I don´t know what´s so contrary about them, they seem rigorously consistent to me. Basically, he´s always showing how the commodity form operates at psychological and aesthetic levels as well as economic. Even in Minima Moralia he´s demonstrating its effect on everyday life. I don´t know as much as you about music, but I think "The Fetish Character in Music and the Regression in Listening" is fantastic, the best explanation I´ve found for the precipitous decline in popular literacy, both musical and literary. Of course he was wrong about Jazz--or mostly so. He was correct about commercialization, and he uses "Jazz" as a synecdoche of that. If he´d been writing about Rock I´d have agreed with him wholeheartedly. I suppose you know Griel Marcus´s "Lipstick Traces," which points out that Adorno on Jazz prefigures the Punk critique of classic Rock?
 
revol68 said:
The situationists had this problem and mistook the spectacle/ commodity for everything, overlooking the daily process of struggle that maintains production and produces the commodity.
Are you saying here that the situationists mistook circulation (or advertising) for production (or the commodity).
 
118118 said:
Are you saying here that the situationists mistook circulation (or advertising) for production (or the commodity).

no i'm saying that they mistook circulation and the commodity form for the whole and so tended to overlook the contested and dynamic nature of capitalism as a social relation.

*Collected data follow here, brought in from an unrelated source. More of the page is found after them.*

(* Let $\mathcal{M}$ be a circular orientable embedding of a connected graph $X$ and let $U$ be the vertex-face transition matrix of $\mathcal{M}$. Then $U^T$ is the vertex-face transition matrix of the dual embedding $\mathcal{M}^*$ of $\mathcal{M}$. Here each arc $(u,v)$ of $X$ is identified with the arc of the dual graph that crosses the edge $\{u,v\}$ and has tail the face $f_{uv}$; the vertex-face transition matrix of $\mathcal{M}^*$ is defined with the same construction as for $\mathcal{M}$.
   Context: Setting. $X$ is a connected graph with $n$ vertices and $\ell$ edges, and $\mathcal{M}$ is an embedding of $X$ on a closed orientable surface. The embedding is circular: it is cellular and every face is bounded by a cycle. An arc is an ordered pair $(u,v)$ with $\{u,v\}$ an edge, and $u$ is its tail. Consistent orientation. Fix an orientation of all face boundaries such that, for each edge shared by faces $f$ and $h$, the direction the edge receives in $f$ is opposite to the direction it receives in $h$. Each face then gives a facial walk, which is a directed cycle, and every arc lies in exactly one facial walk. Write $f_{uv}$ for the face whose facial walk contains $(u,v)$, and $\deg(f)$ for the length of face $f$. Matrices. $M$ is the arc-face incidence matrix: $M_{(a,b),f}=1$ iff $f=f_{ab}$, and $0$ otherwise. $N$ is the arc-tail incidence matrix: $N_{(a,b),u}=1$ iff $a=u$, and $0$ otherwise. $\widehat M$ and $\widehat N$ are obtained from $M$ and $N$ by scaling each column to unit length. The vertex-face transition matrix is $U=(2\widehat M\widehat M^T-I)(2\widehat N\widehat N^T-I)$. Dual embedding. The dual embedding $\mathcal{M}^*$ has the faces of $\mathcal{M}$ as vertices. Its edges cross the edges of $X$, and its faces correspond to the vertices of $X$. *)

theory Defs
  imports Complex_Main "HOL-Combinatorics.Permutations"
begin

text \<open>An orientable embedding of a graph given as a rotation system on its set of
darts (arcs): a finite set of darts D, the arc reversal theta (a fixed-point-free
involution of D, theta (u,v) = (v,u)) and the rotation sigma (a permutation of D whose
cycles are the arcs with a common tail, in the local cyclic order).  The facial walk
successor of an arc is phi = sigma o theta: after traversing (u,v) continue with the
arc following (v,u) in the rotation at v.\<close>

type_synonym 'd emb = "'d set \<times> ('d \<Rightarrow> 'd) \<times> ('d \<Rightarrow> 'd)"

definition darts :: "'d emb \<Rightarrow> 'd set" where "darts E = fst E"
definition rot :: "'d emb \<Rightarrow> 'd \<Rightarrow> 'd" where "rot E = fst (snd E)"
definition rev_arc :: "'d emb \<Rightarrow> 'd \<Rightarrow> 'd" where "rev_arc E = snd (snd E)"
definition face_succ :: "'d emb \<Rightarrow> 'd \<Rightarrow> 'd" where "face_succ E = rot E \<circ> rev_arc E"

definition orbit_of :: "('d \<Rightarrow> 'd) \<Rightarrow> 'd \<Rightarrow> 'd set" where
  "orbit_of p a = {b. \<exists>n. (p ^^ n) a = b}"

definition orbits :: "'d set \<Rightarrow> ('d \<Rightarrow> 'd) \<Rightarrow> 'd set set" where
  "orbits D p = orbit_of p ` D"

text \<open>Vertices are identified with their sets of outgoing arcs, faces with the set of
arcs of their facial walk.\<close>
definition vertices :: "'d emb \<Rightarrow> 'd set set" where "vertices E = orbits (darts E) (rot E)"
definition faces :: "'d emb \<Rightarrow> 'd set set" where "faces E = orbits (darts E) (face_succ E)"
definition tail :: "'d emb \<Rightarrow> 'd \<Rightarrow> 'd set" where "tail E a = orbit_of (rot E) a"
definition head :: "'d emb \<Rightarrow> 'd \<Rightarrow> 'd set" where "head E a = tail E (rev_arc E a)"
definition face_of :: "'d emb \<Rightarrow> 'd \<Rightarrow> 'd set" where "face_of E a = orbit_of (face_succ E) a"

definition rotation_system :: "'d emb \<Rightarrow> bool" where
  "rotation_system E \<longleftrightarrow> finite (darts E) \<and> darts E \<noteq> {} \<and>
     rot E permutes darts E \<and> rev_arc E permutes darts E \<and>
     (\<forall>a\<in>darts E. rev_arc E (rev_arc E a) = a \<and> rev_arc E a \<noteq> a)"

definition simple_graph_emb :: "'d emb \<Rightarrow> bool" where
  "simple_graph_emb E \<longleftrightarrow>
     (\<forall>a\<in>darts E. tail E a \<noteq> head E a) \<and>
     (\<forall>a\<in>darts E. \<forall>b\<in>darts E. tail E a = tail E b \<and> head E a = head E b \<longrightarrow> a = b)"

definition connected_emb :: "'d emb \<Rightarrow> bool" where
  "connected_emb E \<longleftrightarrow> (\<forall>a\<in>darts E. \<forall>b\<in>darts E.
     (a, b) \<in> ({(x, rot E x) | x. x \<in> darts E} \<union> {(x, rev_arc E x) | x. x \<in> darts E})\<^sup>*)"

definition circular_emb :: "'d emb \<Rightarrow> bool" where
  "circular_emb E \<longleftrightarrow> (\<forall>a\<in>darts E. \<forall>b\<in>face_of E a. b \<noteq> a \<longrightarrow> tail E b \<noteq> tail E a)"

definition mat_mul :: "'d set \<Rightarrow> ('d \<Rightarrow> 'd \<Rightarrow> real) \<Rightarrow> ('d \<Rightarrow> 'd \<Rightarrow> real) \<Rightarrow> 'd \<Rightarrow> 'd \<Rightarrow> real" where
  "mat_mul D A B a c = (\<Sum>b\<in>D. A a b * B b c)"

definition id_mat :: "'d \<Rightarrow> 'd \<Rightarrow> real" where "id_mat a b = (if a = b then 1 else 0)"


definition arc_face_M :: "'d emb \<Rightarrow> 'd \<Rightarrow> 'd set \<Rightarrow> real" where
  "arc_face_M E a f = (if f \<in> faces E \<and> f = face_of E a then 1 else 0)"
definition arc_tail_N :: "'d emb \<Rightarrow> 'd \<Rightarrow> 'd set \<Rightarrow> real" where
  "arc_tail_N E a u = (if u \<in> vertices E \<and> u = tail E a then 1 else 0)"

definition col_normalize :: "'d set \<Rightarrow> ('d \<Rightarrow> 'c \<Rightarrow> real) \<Rightarrow> 'd \<Rightarrow> 'c \<Rightarrow> real" where
  "col_normalize D A a c = A a c / sqrt (\<Sum>b\<in>D. (A b c)\<^sup>2)"

definition gram_of :: "'d set \<Rightarrow> 'c set \<Rightarrow> ('d \<Rightarrow> 'c \<Rightarrow> real) \<Rightarrow> 'd \<Rightarrow> 'd \<Rightarrow> real" where
  "gram_of D Cols A a b = (\<Sum>c\<in>Cols. col_normalize D A a c * col_normalize D A b c)"

definition transition_matrix :: "'d emb \<Rightarrow> 'd \<Rightarrow> 'd \<Rightarrow> real" where
  "transition_matrix E =
     mat_mul (darts E)
       (\<lambda>a b. 2 * gram_of (darts E) (faces E) (arc_face_M E) a b - id_mat a b)
       (\<lambda>a b. 2 * gram_of (darts E) (vertices E) (arc_tail_N E) a b - id_mat a b)"

text \<open>Dual embedding: the dual arc of a (crossing the edge of a) has tail the face f_a, and
the rotation at a dual vertex (face f) is the cyclic order of its facial walk.\<close>
definition dual_emb :: "'d emb \<Rightarrow> 'd emb" where
  "dual_emb E = (darts E, face_succ E, rev_arc E)"

end

theory Submission
  imports Defs
begin

text \<open>Passing to the dual swaps rotation and face successor (the arc reversal is an
involution, so rot = face_succ o rev_arc), hence swaps vertices with faces and tails
with faces of arcs; so the two reflections defining U are exchanged.  Both reflections are
symmetric, and the transpose of a product of symmetric matrices is the product in reverse
order.\<close>

lemma mat_mul_swap:
  "mat_mul D A B a b = mat_mul D (\<lambda>x y. B y x) (\<lambda>x y. A y x) b a"
  unfolding mat_mul_def by (simp add: mult.commute)

lemma gram_of_sym: "gram_of D Cols A a b = gram_of D Cols A b a"
  unfolding gram_of_def by (simp add: mult.commute)

lemma id_mat_sym: "id_mat a b = id_mat b a"
  unfolding id_mat_def by auto

lemma rotation_system_rev_arc_involution:
  assumes "rotation_system E"
  shows "rev_arc E (rev_arc E x) = x"
proof (cases "x \<in> darts E")
  case True
  then show ?thesis using assms unfolding rotation_system_def by blast
next
  case False
  have "rev_arc E permutes darts E" using assms unfolding rotation_system_def by blast
  with False have "rev_arc E x = x" by (simp add: permutes_def)
  then show ?thesis by simp
qed

lemma darts_dual_emb [simp]: "darts (dual_emb E) = darts E"
  by (simp add: dual_emb_def darts_def)

lemma rot_dual_emb [simp]: "rot (dual_emb E) = face_succ E"
  by (simp add: dual_emb_def rot_def face_succ_def rev_arc_def)

lemma face_succ_dual_emb:
  assumes "rotation_system E"
  shows "face_succ (dual_emb E) = rot E"
proof
  fix x
  have "rev_arc (dual_emb E) = rev_arc E" by (simp add: dual_emb_def rev_arc_def)
  then show "face_succ (dual_emb E) x = rot E x"
    by (simp add: face_succ_def rotation_system_rev_arc_involution[OF assms])
qed

lemma vertices_dual_emb: "vertices (dual_emb E) = faces E"
  unfolding vertices_def faces_def by simp

lemma tail_dual_emb: "tail (dual_emb E) = face_of E"
  unfolding tail_def face_of_def by simp

lemma faces_dual_emb:
  assumes "rotation_system E"
  shows "faces (dual_emb E) = vertices E"
  unfolding vertices_def faces_def face_succ_dual_emb[OF assms] by simp

lemma face_of_dual_emb:
  assumes "rotation_system E"
  shows "face_of (dual_emb E) = tail E"
  unfolding tail_def face_of_def face_succ_dual_emb[OF assms] ..

lemma arc_face_M_dual_emb:
  assumes "rotation_system E"
  shows "arc_face_M (dual_emb E) = arc_tail_N E"
  unfolding arc_face_M_def arc_tail_N_def
    faces_dual_emb[OF assms] face_of_dual_emb[OF assms] ..

lemma arc_tail_N_dual_emb: "arc_tail_N (dual_emb E) = arc_face_M E"
  unfolding arc_face_M_def arc_tail_N_def vertices_dual_emb tail_dual_emb ..

lemma transition_matrix_dual_emb:
  fixes E :: "'d emb"
  assumes "rotation_system E"
  shows "transition_matrix (dual_emb E) a b = transition_matrix E b a"
proof -
  let ?R = "\<lambda>Cols A x y. 2 * gram_of (darts E) Cols A x y - id_mat x y"
  have R_sym: "(\<lambda>x y. ?R Cols A y x) = ?R Cols A" for Cols and A :: "'d \<Rightarrow> 'd set \<Rightarrow> real"
    by (simp add: gram_of_sym id_mat_sym)
  have "transition_matrix (dual_emb E) a b
      = mat_mul (darts E) (?R (vertices E) (arc_tail_N E)) (?R (faces E) (arc_face_M E)) a b"
    unfolding transition_matrix_def arc_face_M_dual_emb[OF assms] arc_tail_N_dual_emb
      vertices_dual_emb faces_dual_emb[OF assms] by simp
  also have "\<dots> = mat_mul (darts E) (?R (faces E) (arc_face_M E)) (?R (vertices E) (arc_tail_N E)) b a"
    by (subst mat_mul_swap) (simp only: R_sym)
  also have "\<dots> = transition_matrix E b a"
    unfolding transition_matrix_def ..
  finally show ?thesis .
qed

theorem lemma2p1:
  fixes E :: "'d emb"
  assumes "rotation_system E"
    and "simple_graph_emb E"
    and "connected_emb E"
    and "circular_emb E"
  shows "\<forall>a\<in>darts E. \<forall>b\<in>darts E.
           transition_matrix (dual_emb E) a b = transition_matrix E b a"
  using transition_matrix_dual_emb[OF assms(1)] by blast

end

They overlooked how capital sets the working class to work and how it is a process that involves constant struggle and compromise, meaning that the spectacle is not an overarching field of bourgeois dominance but rather it will contain many fractures and fissures in which the needs and desires of the proletariat will be glanced.
 
revol68 said:
mistook circulation and the commodity form for the whole and so tended to overlook the... social relation.
Becasue they failed to see that
revol68 said:
production and circulation (are seperate as shown by)... For example advertising makes no sense without the commodity yet we can have a commodity form without advertising .
I see now.

Does 'the social relation' in Marx refer to the form of production e.g. the "social relation" of me to a factory worker is him being wage slave and me being unemployed. I ask becasue I have read that the "economic relation" is something different, but can not think of what it could be.